Material for the task.
(* Assume (SD). Let $D:=\{u\in\mathcal H^2_{\frac1a}(0,1):\ au'\in H^1(0,1)\text{ and }u(x_0)=(au')(x_0)=0\}$. Then $D(\mathcal A_2)=\mathcal H^2_{\frac1a}(0,1)=D$.
   Context: (SD): there exists $x_0\in(0,1)$ with $a(x_0)=0$, $a>0$ on $[0,1]\setminus\{x_0\}$, $a\in W^{1,\infty}(0,1)$, and there exists $K\in[1,2)$ with $(x-x_0)a'(x)\le Ka(x)$ for a.e. $x\in[0,1]$. $L^2_{\frac1a}(0,1)=\{u\in L^2(0,1):\int_0^1u^2/a<\infty\}$, $\mathcal H^1_{\frac1a}(0,1)=L^2_{\frac1a}(0,1)\cap H^1_0(0,1)$, $\mathcal H^2_{\frac1a}(0,1)=\{u\in\mathcal H^1_{\frac1a}(0,1):u'\in H^1(0,1)\}$. The operator is $\mathcal A_2u=au''$ with domain $D(\mathcal A_2):=\mathcal H^2_{\frac1a}(0,1)$. *)

theory Defs
  imports "HOL-Analysis.Analysis"
begin

text \<open>Functions on (0,1) are modelled as functions real \<Rightarrow> real; only their values on
  [0,1] matter.  Integrals are Lebesgue integrals over {0..1}.\<close>

definition L2 :: "(real \<Rightarrow> real) \<Rightarrow> bool" where
  "L2 u \<longleftrightarrow> set_borel_measurable lebesgue {0..1} u
      \<and> set_integrable lebesgue {0..1} (\<lambda>x. (u x)^2)"

definition Linf :: "(real \<Rightarrow> real) \<Rightarrow> bool" where
  "Linf u \<longleftrightarrow> set_borel_measurable lebesgue {0..1} u
      \<and> (\<exists>M. AE x in lebesgue. x \<in> {0..1} \<longrightarrow> \<bar>u x\<bar> \<le> M)"

definition test_fun :: "(real \<Rightarrow> real) \<Rightarrow> bool" where
  "test_fun \<phi> \<longleftrightarrow> (\<forall>n x. ((deriv ^^ n) \<phi>) differentiable (at x))
      \<and> (\<exists>c d. 0 < c \<and> c \<le> d \<and> d < 1 \<and> (\<forall>x. x \<notin> {c..d} \<longrightarrow> \<phi> x = 0))"

definition weak_deriv :: "(real \<Rightarrow> real) \<Rightarrow> (real \<Rightarrow> real) \<Rightarrow> bool" where
  "weak_deriv u g \<longleftrightarrow> set_integrable lebesgue {0..1} u \<and> set_integrable lebesgue {0..1} g
      \<and> (\<forall>\<phi>. test_fun \<phi> \<longrightarrow>
           (LINT x:{0..1}|lebesgue. u x * deriv \<phi> x) = - (LINT x:{0..1}|lebesgue. g x * \<phi> x))"

text \<open>H^1(0,1), each class identified with its continuous representative on [0,1].\<close>
definition H1 :: "(real \<Rightarrow> real) \<Rightarrow> bool" where
  "H1 u \<longleftrightarrow> continuous_on {0..1} u \<and> L2 u \<and> (\<exists>g. L2 g \<and> weak_deriv u g)"

definition H1_0 :: "(real \<Rightarrow> real) \<Rightarrow> bool" where
  "H1_0 u \<longleftrightarrow> H1 u \<and> u 0 = 0 \<and> u 1 = 0"

definition W1inf :: "(real \<Rightarrow> real) \<Rightarrow> bool" where
  "W1inf a \<longleftrightarrow> continuous_on {0..1} a \<and> Linf a \<and> (\<exists>g. Linf g \<and> weak_deriv a g)"

definition L2_w :: "(real \<Rightarrow> real) \<Rightarrow> (real \<Rightarrow> real) \<Rightarrow> bool" where
  "L2_w a u \<longleftrightarrow> L2 u \<and> set_integrable lebesgue {0..1} (\<lambda>x. (u x)^2 / a x)"

definition H1_w :: "(real \<Rightarrow> real) \<Rightarrow> (real \<Rightarrow> real) set" where
  "H1_w a = {u. L2_w a u \<and> H1_0 u}"

definition H2_w :: "(real \<Rightarrow> real) \<Rightarrow> (real \<Rightarrow> real) set" where
  "H2_w a = {u. u \<in> H1_w a \<and> (\<exists>g. weak_deriv u g \<and> H1 g)}"

definition dom_A2 :: "(real \<Rightarrow> real) \<Rightarrow> (real \<Rightarrow> real) set" where
  "dom_A2 a = H2_w a"

definition SD :: "(real \<Rightarrow> real) \<Rightarrow> real \<Rightarrow> real \<Rightarrow> bool" where
  "SD a x0 K \<longleftrightarrow> 0 < x0 \<and> x0 < 1 \<and> a x0 = 0 \<and> (\<forall>x\<in>{0..1} - {x0}. a x > 0)
     \<and> W1inf a \<and> 1 \<le> K \<and> K < 2
     \<and> (\<exists>a'. weak_deriv a a' \<and> Linf a' \<and>
          (AE x in lebesgue. x \<in> {0..1} \<longrightarrow> (x - x0) * a' x \<le> K * a x))"

text \<open>The set D: (a u') \<in> H^1 (i.e. a times the weak derivative of u agrees a.e. with an
  H^1 function h, taken continuous) and u(x0) = (a u')(x0) = 0.\<close>
definition D_set :: "(real \<Rightarrow> real) \<Rightarrow> real \<Rightarrow> (real \<Rightarrow> real) set" where
  "D_set a x0 = {u. u \<in> H2_w a \<and> u x0 = 0 \<and>
      (\<exists>g h. weak_deriv u g \<and> H1 h \<and> (AE x in lebesgue. x \<in> {0..1} \<longrightarrow> h x = a x * g x)
             \<and> h x0 = 0)}"

end

theory Submission
  imports Defs "HOL-Computational_Algebra.Polynomial"
begin

text \<open>
  Every u in the weighted space vanishes at x0: the weight a is Lipschitz and vanishes at x0,
  so 1/a is not integrable near x0, whereas u^2/a is.  Moreover a u' lies in H^1: a and u' are
  absolutely continuous with square integrable derivatives, hence so is their product, and
  (a u')(x0) = a(x0) u'(x0) = 0.

  The product rule requires identifying weak derivatives with the representation
  u(t) = u(0) + (integral of u' over [0, t]).  One direction is integration by parts, proved
  with Fubini's theorem; for the other, testing against smooth plateau functions approximating
  the indicator of [x, y] recovers u(y) - u(x) as the integral of u' over [x, y].
\<close>

section \<open>Fubini on a triangle\<close>

lemma sigma_finite_lebesgue: "sigma_finite_measure (lebesgue :: real measure)"
proof -
  have "sigma_finite_measure (completion (lborel :: real measure))"
  proof (unfold sigma_finite_measure_def, intro exI conjI)
    show "countable (range (\<lambda>n::nat. {-real n..real n}))" by simp
    show "range (\<lambda>n::nat. {-real n..real n}) \<subseteq> sets (completion lborel)" by auto
    show "\<Union> (range (\<lambda>n::nat. {-real n..real n})) = space (completion lborel)"
      by (auto simp: real_arch_simple)
         (metis abs_le_iff minus_le_iff real_arch_simple abs_ge_self order_trans)
    show "\<forall>a\<in>range (\<lambda>n::nat. {- real n..real n}). emeasure (completion lborel) a \<noteq> \<infinity>"
      by auto
  qed
  then show ?thesis by simp
qed

interpretation lebesgue: sigma_finite_measure "lebesgue :: real measure"
  by (rule sigma_finite_lebesgue)

interpretation lebesgue_pair: pair_sigma_finite "lebesgue :: real measure" "lebesgue :: real measure" ..

lemma measurable_fst_lebesgue [measurable]:
  "fst \<in> borel_measurable ((lebesgue :: real measure) \<Otimes>\<^sub>M lebesgue)"
  by (rule measurable_compose[OF measurable_fst, where g="\<lambda>x. x", simplified])
     (simp add: measurable_completion)

lemma measurable_snd_lebesgue [measurable]:
  "snd \<in> borel_measurable ((lebesgue :: real measure) \<Otimes>\<^sub>M lebesgue)"
  by (rule measurable_compose[OF measurable_snd, where g="\<lambda>x. x", simplified])
     (simp add: measurable_completion)

lemma sets_pair_lebesgue_order:
  "{p. snd p \<le> fst p} \<in> sets ((lebesgue :: real measure) \<Otimes>\<^sub>M lebesgue)"
  "{p. fst p \<le> snd p} \<in> sets ((lebesgue :: real measure) \<Otimes>\<^sub>M lebesgue)"
  "{p. fst p = snd p} \<in> sets ((lebesgue :: real measure) \<Otimes>\<^sub>M lebesgue)"
proof -
  have "{p \<in> space ((lebesgue :: real measure) \<Otimes>\<^sub>M lebesgue). snd p \<le> fst p} \<in> sets (lebesgue \<Otimes>\<^sub>M lebesgue)"
    by measurable
  moreover have "{p \<in> space ((lebesgue :: real measure) \<Otimes>\<^sub>M lebesgue). fst p \<le> snd p} \<in> sets (lebesgue \<Otimes>\<^sub>M lebesgue)"
    by measurable
  moreover have "{p \<in> space ((lebesgue :: real measure) \<Otimes>\<^sub>M lebesgue). fst p = snd p} \<in> sets (lebesgue \<Otimes>\<^sub>M lebesgue)"
    by measurable
  ultimately show "{p. snd p \<le> fst p} \<in> sets ((lebesgue :: real measure) \<Otimes>\<^sub>M lebesgue)"
    "{p. fst p \<le> snd p} \<in> sets ((lebesgue :: real measure) \<Otimes>\<^sub>M lebesgue)"
    "{p. fst p = snd p} \<in> sets ((lebesgue :: real measure) \<Otimes>\<^sub>M lebesgue)"
    by (simp_all add: space_pair_measure)
qed
(* Let $\gamma,A\in\mathcal{M}_k\otimes\mathcal{M}_m$ be states with $\mathrm{Im}(\gamma)=\mathrm{Im}(A)$. Suppose there is an orthogonal projection $V_1\in\mathcal{M}_k$ such that (1) $F_\gamma\circ G_\gamma(V_1\mathcal{M}_kV_1)\subseteq V_1\mathcal{M}_kV_1$, (2) $F_\gamma\circ G_\gamma|_{V_1\mathcal{M}_kV_1}$ is irreducible, and (3) $F_\gamma\circ G_\gamma|_{V_1^\perp\mathcal{M}_k+\mathcal{M}_kV_1^\perp}\equiv0$. Then the same three conditions hold with $F_A\circ G_A$ in place of $F_\gamma\circ G_\gamma$. In particular, $\gamma$ and $A$ both belong to $CR_{k,m}$.
   Context: $\mathcal{M}_k$ denotes the complex $k\times k$ matrices, and $\mathcal{M}_k\otimes\mathcal{M}_m$ is identified with $\mathcal{M}_{km}$ via the Kronecker product. A state is a positive semidefinite Hermitian matrix (not necessarily of trace one). For an orthogonal projection $W$, $W^\perp=\mathrm{Id}-W$; $V\mathcal{M}_kW=\{VXW:X\in\mathcal{M}_k\}$, $W\mathcal{M}_k=\{WX\}$, $\mathcal{M}_kW=\{XW\}$. For $\gamma=\sum_{i=1}^nA_i\otimes B_i\in\mathcal{M}_k\otimes\mathcal{M}_m$ define $G_\gamma:\mathcal{M}_k\to\mathcal{M}_m$, $G_\gamma(X)=\sum_i\mathrm{tr}(A_iX)B_i$, and $F_\gamma:\mathcal{M}_m\to\mathcal{M}_k$, $F_\gamma(Y)=\sum_i\mathrm{tr}(B_iY)A_i$. A linear map is positive if it maps positive semidefinite matrices to positive semidefinite matrices, and self-adjoint if self-adjoint with respect to $\langle X,Y\rangle=\mathrm{tr}(XY^* )$. Given an orthogonal projection $V\in\mathcal{M}_k$ and a positive map $T:V\mathcal{M}_kV\to V\mathcal{M}_kV$, $T$ is irreducible if the only orthogonal projections $W$ with $W\mathcal{M}_kW\subseteq V\mathcal{M}_kV$ and $T(W\mathcal{M}_kW)\subseteq W\mathcal{M}_kW$ are $W=0$ and $W=V$. A self-adjoint positive map $T:\mathcal{M}_k\to\mathcal{M}_k$ is completely reducible if there are orthogonal projections $W_1,\dots,W_l$ with $W_iW_j=0$ for $i\ne j$, $T(W_i\mathcal{M}_kW_i)\subseteq W_i\mathcal{M}_kW_i$ and $T|_{W_i\mathcal{M}_kW_i}$ irreducible for every $i$, and $T|_R\equiv0$, where $R$ is the orthogonal complement (trace inner product) of $\bigoplus_iW_i\mathcal{M}_kW_i$ in $\mathcal{M}_k$. $CR_{k,m}$ is the set of states $\gamma\in\mathcal{M}_k\otimes\mathcal{M}_m$ such that $F_\gamma\circ G_\gamma:\mathcal{M}_k\to\mathcal{M}_k$ is completely reducible. *)

theory Defs
  imports "HOL-Analysis.Analysis"
begin
(* Every positive divisor of an odd Gaussian Carmichael number is $G$-cyclic.
   Context: For a positive integer $n$, $\mathcal{G}_n=\{a+bi\in\mathbb{Z}[i]/n\mathbb{Z}[i] : a^2+b^2\equiv 1\pmod n\}$ and $\Phi(n)=|\mathcal{G}_n|$. An integer $n\ge1$ is $G$-cyclic if $\gcd(\Phi(n),n)=1$. The function $\mathcal{F}$ is defined by $\mathcal{F}(n)=n-1$ if $n\equiv 1\pmod 4$, $\mathcal{F}(n)=n+1$ if $n\equiv 3 \pmod 4$, $\mathcal{F}(n)=n$ otherwise. A composite integer $n$ is a Gaussian Fermat pseudoprime to base $z\in\mathbb{Z}[i]$ if $\gcd(n,z\overline{z})=1$ and $(z/\overline{z})^{\mathcal{F}(n)}\equiv 1\pmod n$ in $\mathbb{Z}[i]/n\mathbb{Z}[i]$. A composite $n$ is a Gaussian Carmichael number if it is a Gaussian Fermat pseudoprime to base $z$ for every $z\in\mathbb{Z}[i]$ with $\gcd(n,z\overline{z})=1$. *)

theory Defs
  imports "HOL-Number_Theory.Number_Theory"
begin

(* Gaussian integers a+bi represented as pairs (a,b) of integers *)
type_synonym gint = "int \<times> int"

definition gmul :: "gint \<Rightarrow> gint \<Rightarrow> gint" where
  "gmul z w = (fst z * fst w - snd z * snd w, fst z * snd w + snd z * fst w)"

definition gone :: gint where "gone = (1, 0)"

definition gpow :: "gint \<Rightarrow> nat \<Rightarrow> gint" where
  "gpow z k = ((gmul z) ^^ k) gone"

Your assignment. Among the lines of the listing above, which ones hold "gpow"? Copy them.

Problem solution.
definition gpow :: "gint \<Rightarrow> nat \<Rightarrow> gint" where
  "gpow z k = ((gmul z) ^^ k) gone"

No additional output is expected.